Friday, September 4, 2009

Insite into Free/Busy Exchange 2003/2007

In this blog post we will be going through how free/busy works in detail in both Outlook 2003/Exchange 2003 and Outlook 2007/Exchange 2007, then how they interact together.

Exchange 2003

As most of us know Free/Busy information is stored in a system public folder called SCHEDULE+FREE BUSY which is replicated to all exchange servers setup as a public folder replica server. SCHEDULE+FREE BUSY contains subfolders for each exchange administrative group.

Question. What places the Free/Busy information into the SCHEDULE+FREE BUSY system public folder?

This is actually done by the outlook client - not exchange at all. Outlook publishes the free/busy data for a user once every 15 minutes and again when Outlook is being shut down. Every message includes the entire free/busy information for the corresponding user that ranges from the current month to two months in the future.

Calendar information is stored in the users mailbox, only free/busy information is stored in the public folders.



Question. What about Outlook Web Access and Windows Mobile Devices?

Outlook Web Access and Outlook Mobile Access do not publish any free/busy data directly. Instead they rely on a free/busy publishing agent that is called MSExchangeFBPublish with runs as a part of the System Attendant Service. Its two functions are:

- Publishing free/busy data
- Deleting duplicate free/busy messages



Exchange 2007

In Exchange 2007 the availability service on the client access server has taken over the role of public folders. Outlook clients find out which is their local client access server using autodiscover. Now there is a section within each users mailbox that contains the free busy information that all users can access by default to check a users availability status as shown in the below screenshot:



Users do not have permission to the other users mailbox directly for free/busy, they need to access this data through the availability service which is of course a IIS web application. By default you need to be authenticated to use the availability service meaning only users with domain credentials can access this data.

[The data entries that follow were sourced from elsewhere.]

lemma b_recurrence:
  assumes "1 \<le> n"
  shows "b n + (if even n then 1 else 0) = (\<Sum>i\<le>n div 2. b i)"
proof -
  let ?A = "{qs \<in> nsd_partitions. sum_list qs \<le> n div 2}"
  let ?h = "n - n div 2"
  let ?snoc = "\<lambda>qs. qs @ [n - sum_list qs]"
  have "{ps \<in> nsd_partitions. sum_list ps = n} = ?snoc ` (?A - {[?h]})"
  proof (intro equalityI subsetI)
    fix ps
    assume "ps \<in> {ps \<in> nsd_partitions. sum_list ps = n}"
    then have ps: "ps \<in> nsd_partitions" "sum_list ps = n"
      by auto
    moreover have "ps \<noteq> []"
      using ps(2) assms by auto
    ultimately obtain qs p where qs: "ps = qs @ [p]" "qs \<in> nsd_partitions" "sum_list qs \<le> p" "qs \<noteq> [p]"
      by (blast elim: nsd_partitions_snoc_cases)
    then have p: "sum_list qs + p = n"
      using ps(2) by simp
    have "qs \<noteq> [?h]"
    proof
      assume "qs = [?h]"
      with p qs(3) have "p = ?h"
        by simp
      with \<open>qs = [?h]\<close> qs(4) show False
        by simp
    qed
    moreover have "sum_list qs \<le> n div 2" "p = n - sum_list qs"
      using p qs(3) by linarith+
    ultimately show "ps \<in> ?snoc ` (?A - {[?h]})"
      using qs(1,2) by blast
  next
    fix ps
    assume "ps \<in> ?snoc ` (?A - {[?h]})"
    then obtain qs where qs: "qs \<in> nsd_partitions" "sum_list qs \<le> n div 2" "qs \<noteq> [?h]"
      and ps: "ps = ?snoc qs"
      by auto
    obtain p where p: "p = n - sum_list qs" "sum_list qs + p = n" "1 \<le> p" "sum_list qs \<le> p"
      using qs(2) assms by fastforce
    have "qs \<noteq> [p]"
      using qs(3) p(2) by auto
    then have "qs @ [p] \<in> nsd_partitions"
      using qs(1) p(3,4) by (simp add: snoc_in_nsd_partitions_iff)
    then show "ps \<in> {ps \<in> nsd_partitions. sum_list ps = n}"
      using ps p(1,2) by simp
  qed
  moreover have "inj_on ?snoc (?A - {[?h]})"
    by (rule inj_onI) simp
  ultimately have "b n = card (?A - {[?h]})"
    by (simp add: b_eq_card card_image)
  moreover have "[?h] \<in> ?A \<longleftrightarrow> even n"
    using assms by simp presburger
  moreover have "card ?A > 0"
    using finite_nsd_partitions_sum_le card_gt_0_iff[of ?A] Nil_in_nsd_partitions by fastforce
  ultimately show ?thesis
    by (simp add: card_Diff_singleton_if finite_nsd_partitions_sum_le card_nsd_partitions_sum_le)
qed

lemma f_eq_card: "f n = card {ps \<in> nsd_partitions. set ps \<subseteq> {..n}}"
  unfolding f_def nsd_partitions_def by (rule arg_cong[where f = card]) auto

lemma f_0: "f 0 = 1"
proof -
  have "ps = []" if "ps \<in> nsd_partitions" "set ps \<subseteq> {..0}" for ps
    using that by (cases ps) (auto simp: nsd_partitions_def)
  then have "{ps \<in> nsd_partitions. set ps \<subseteq> {..0}} = {[]}"
    by auto
  then show ?thesis
    by (simp add: f_eq_card)
qed

lemma f_recurrence: "f (Suc n) + 1 = f n + (\<Sum>i\<le>Suc n. b i)"
proof -
  let ?A = "{qs \<in> nsd_partitions. sum_list qs \<le> Suc n}"
  let ?F = "\<lambda>m. {ps \<in> nsd_partitions. set ps \<subseteq> {..m}}"
  let ?snoc = "\<lambda>qs. qs @ [Suc n]"
  have "?F (Suc n) = ?F n \<union> ?snoc ` (?A - {[Suc n]})"
  proof (intro equalityI subsetI)
    fix ps
    assume ps: "ps \<in> ?F (Suc n)"
    show "ps \<in> ?F n \<union> ?snoc ` (?A - {[Suc n]})"
    proof (cases "Suc n \<in> set ps")
      case False
      with ps have "ps \<in> ?F n"
        by (auto simp: le_Suc_eq)
      then show ?thesis ..
    next
      case True
      then have "ps \<noteq> []"
        by auto
      then obtain qs p where qs: "ps = qs @ [p]" "qs \<in> nsd_partitions" "sum_list qs \<le> p" "qs \<noteq> [p]"
        using ps by (blast elim: nsd_partitions_snoc_cases)
      have "p \<le> Suc n"
        using ps qs(1) by auto
      moreover have "Suc n \<le> p"
        using True nsd_partitions_snoc_less[of qs p "Suc n"] ps qs(1) by auto
      ultimately have "p = Suc n"
        by simp
      then show ?thesis
        using qs by auto
    qed
  next
    fix ps
    assume "ps \<in> ?F n \<union> ?snoc ` (?A - {[Suc n]})"
    then show "ps \<in> ?F (Suc n)"
      by (auto simp: snoc_in_nsd_partitions_iff intro: order_trans[OF member_le_sum_list])
  qed
  moreover have "?F n \<inter> ?snoc ` (?A - {[Suc n]}) = {}"
    by auto
  moreover have "inj_on ?snoc (?A - {[Suc n]})"
    by (rule inj_onI) simp
  moreover have "card ?A = card (?A - {[Suc n]}) + 1"
    using card_Suc_Diff1[OF finite_nsd_partitions_sum_le, of "[Suc n]"] by simp
  ultimately have "card (?F (Suc n)) + 1 = card (?F n) + card ?A"
    using finite_nsd_partitions_subset[of "{..n}"] finite_nsd_partitions_sum_le[of "Suc n"]
    by (simp add: card_Un_disjoint card_image)
  then show ?thesis
    by (simp add: f_eq_card card_nsd_partitions_sum_le)
qed

lemma fps_one_minus_X_mult_nth:
  fixes A :: "'a::comm_ring_1 fps"
  shows "((1 - fps_X) * A) $ n = (if n = 0 then A $ 0 else A $ n - A $ (n - 1))"
  by (simp add: left_diff_distrib)

lemma fps_one_minus_X_mult_ones: "(1 - fps_X) * Abs_fps (\<lambda>_. 1) = (1 :: 'a::comm_ring_1 fps)"
  by (rule fps_ext) (simp add: fps_one_minus_X_mult_nth)

lemma fps_compose_X_squared_nth:
  fixes A :: "'a::comm_ring_1 fps"
  shows "(A oo fps_X^2) $ n = (if even n then A $ (n div 2) else 0)"
proof -
  have "(A oo fps_X^2) $ n = (\<Sum>i=0..n. if i = n div 2 \<and> even n then A $ i else 0)"
    by (auto simp: fps_compose_nth power_mult[symmetric] intro: sum.cong)
  then show ?thesis
    by (simp add: sum.delta')
qed

lemma fps_one_plus_X_mult_compose_X_squared_nth:
  fixes A :: "'a::comm_ring_1 fps"
  shows "((1 + fps_X) * (A oo fps_X^2)) $ n = A $ (n div 2)"
  by (cases n) (auto simp: distrib_right fps_compose_X_squared_nth)

lemma fps_compose_X_squared_mult:
  fixes A :: "'a::idom fps"
  shows "((1 - fps_X)^k * A) oo fps_X^2 = (1 - fps_X^2)^k * (A oo fps_X^2)"
  by (simp add: fps_compose_mult_distrib fps_compose_power[symmetric] fps_compose_sub_distrib)

lemma Bgf_eq_one_minus_X_mult_partial_sums: "Bgf = (1 - fps_X) * Abs_fps (\<lambda>n. \<Sum>i\<le>n. real (b i))"
  using fps_divide_fps_X_minus1_sum_lemma[of Bgf] by (simp add: Bgf_def atLeast0AtMost)

lemma Fgf_Bgf_relation: "(1 - fps_X)^2 * Fgf = Bgf - fps_X"
proof -
  let ?P = "Abs_fps (\<lambda>n. \<Sum>i\<le>n. real (b i))"
  let ?ones = "Abs_fps (\<lambda>_. 1) :: real fps"
  have "(1 - fps_X)^2 * Fgf = (1 - fps_X) * ((1 - fps_X) * Fgf)"
    by (simp add: power2_eq_square mult.assoc)
  also have "(1 - fps_X) * Fgf = ?P - fps_X * ?ones"
  proof (rule fps_ext)
    fix n
    have "real (f (Suc m)) + 1 = real (f m) + (\<Sum>i\<le>Suc m. real (b i))" for m
      using of_nat_eq_iff[where 'a = real, THEN iffD2, OF f_recurrence[of m]] by (simp add: add_ac)
    then show "((1 - fps_X) * Fgf) $ n = (?P - fps_X * ?ones) $ n"
      by (cases n) (simp_all add: fps_one_minus_X_mult_nth Fgf_def f_0 b_0 algebra_simps)
  qed
  also have "(1 - fps_X) * (?P - fps_X * ?ones) = (1 - fps_X) * ?P - fps_X * ((1 - fps_X) * ?ones)"
    by (simp add: algebra_simps)
  finally show ?thesis
    by (simp add: fps_one_minus_X_mult_ones flip: Bgf_eq_one_minus_X_mult_partial_sums)
qed

lemma Bgf_functional_equation: "(1 - fps_X^2) * Bgf + fps_X^2 = (1 + fps_X) * (Bgf oo fps_X^2)"
proof -
  let ?P = "Abs_fps (\<lambda>n. \<Sum>i\<le>n. real (b i))"
  let ?ones = "Abs_fps (\<lambda>_. 1) :: real fps"
  have "(1 + fps_X) * (?P oo fps_X^2) + 1 = Bgf + (?ones oo fps_X^2)"
  proof (rule fps_ext)
    fix n
    have "real (b n) + (if even n then 1 else 0) = (\<Sum>i\<le>n div 2. real (b i))" if "n \<noteq> 0"
      using of_nat_eq_iff[where 'a = real, THEN iffD2, OF b_recurrence[of n]] that
      by (cases "even n") simp_all
    then show "((1 + fps_X) * (?P oo fps_X^2) + 1) $ n = (Bgf + (?ones oo fps_X^2)) $ n"
      by (cases "n = 0") (auto simp: fps_one_plus_X_mult_compose_X_squared_nth fps_compose_X_squared_nth Bgf_def)
  qed
  then have "(1 - fps_X^2) * ((1 + fps_X) * (?P oo fps_X^2) + 1) = (1 - fps_X^2) * (Bgf + (?ones oo fps_X^2))"
    by simp
  moreover have "(1 - fps_X^2) * (?P oo fps_X^2) = Bgf oo fps_X^2"
    using fps_compose_X_squared_mult[of 1 ?P] by (simp add: Bgf_eq_one_minus_X_mult_partial_sums)
  moreover have "(1 - fps_X^2) * (?ones oo fps_X^2) = 1"
    using fps_compose_X_squared_mult[of 1 ?ones] by (simp add: fps_one_minus_X_mult_ones)
  ultimately show ?thesis
    by algebra
qed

When a user updates his calendar, it also updates the availability data section under the users mailbox stored inside the edb file which the availability service just fetches.

I want to also point out here that the availability service also runs the calendar assistant which does things like automatically accept meeting requests in a tentative state, while waiting for your reply, hence writing data to your calendar under your mailbox on your behalf. You can change this behavior however in outlook calendar options:



One more thing i'd like to point out about the availability service - it only talks to the mailbox servers using MAPI. If it needs to talk to a mailbox server in another site, it will relay the request via HTTP/HTTPS to the client access server in that site, then to the mailbox server via MAPI. Remember if you are going to put exchange in a remote site you always need client access, hub transport and mailbox role at least.



How does the legacy Free/Busy system work with the new one?

The availability service has the ability to recieve free/busy information from both public/folders and user mailboxes to provide free/busy information to outlook 2007 clients. The availability service does not update data in public folders or user mailboxes, it only recieves!

Question. What updates the information in the public folders for legacy outlook 2003 clients?

If you remember when you install exchange 2007 it asks you "do you have legacy outlook clients in your environment?". Something along those lines... if you click yes it creates a public folder system database that your mailbox databases reference. If this exists and you create an appointment on an outlook 2007 client, outlook 2007 will update both the public folders free/busy along with its own mailbox database. Yes, it updates both! If the public folders system free/busy does not exist it will just update its own mailbox.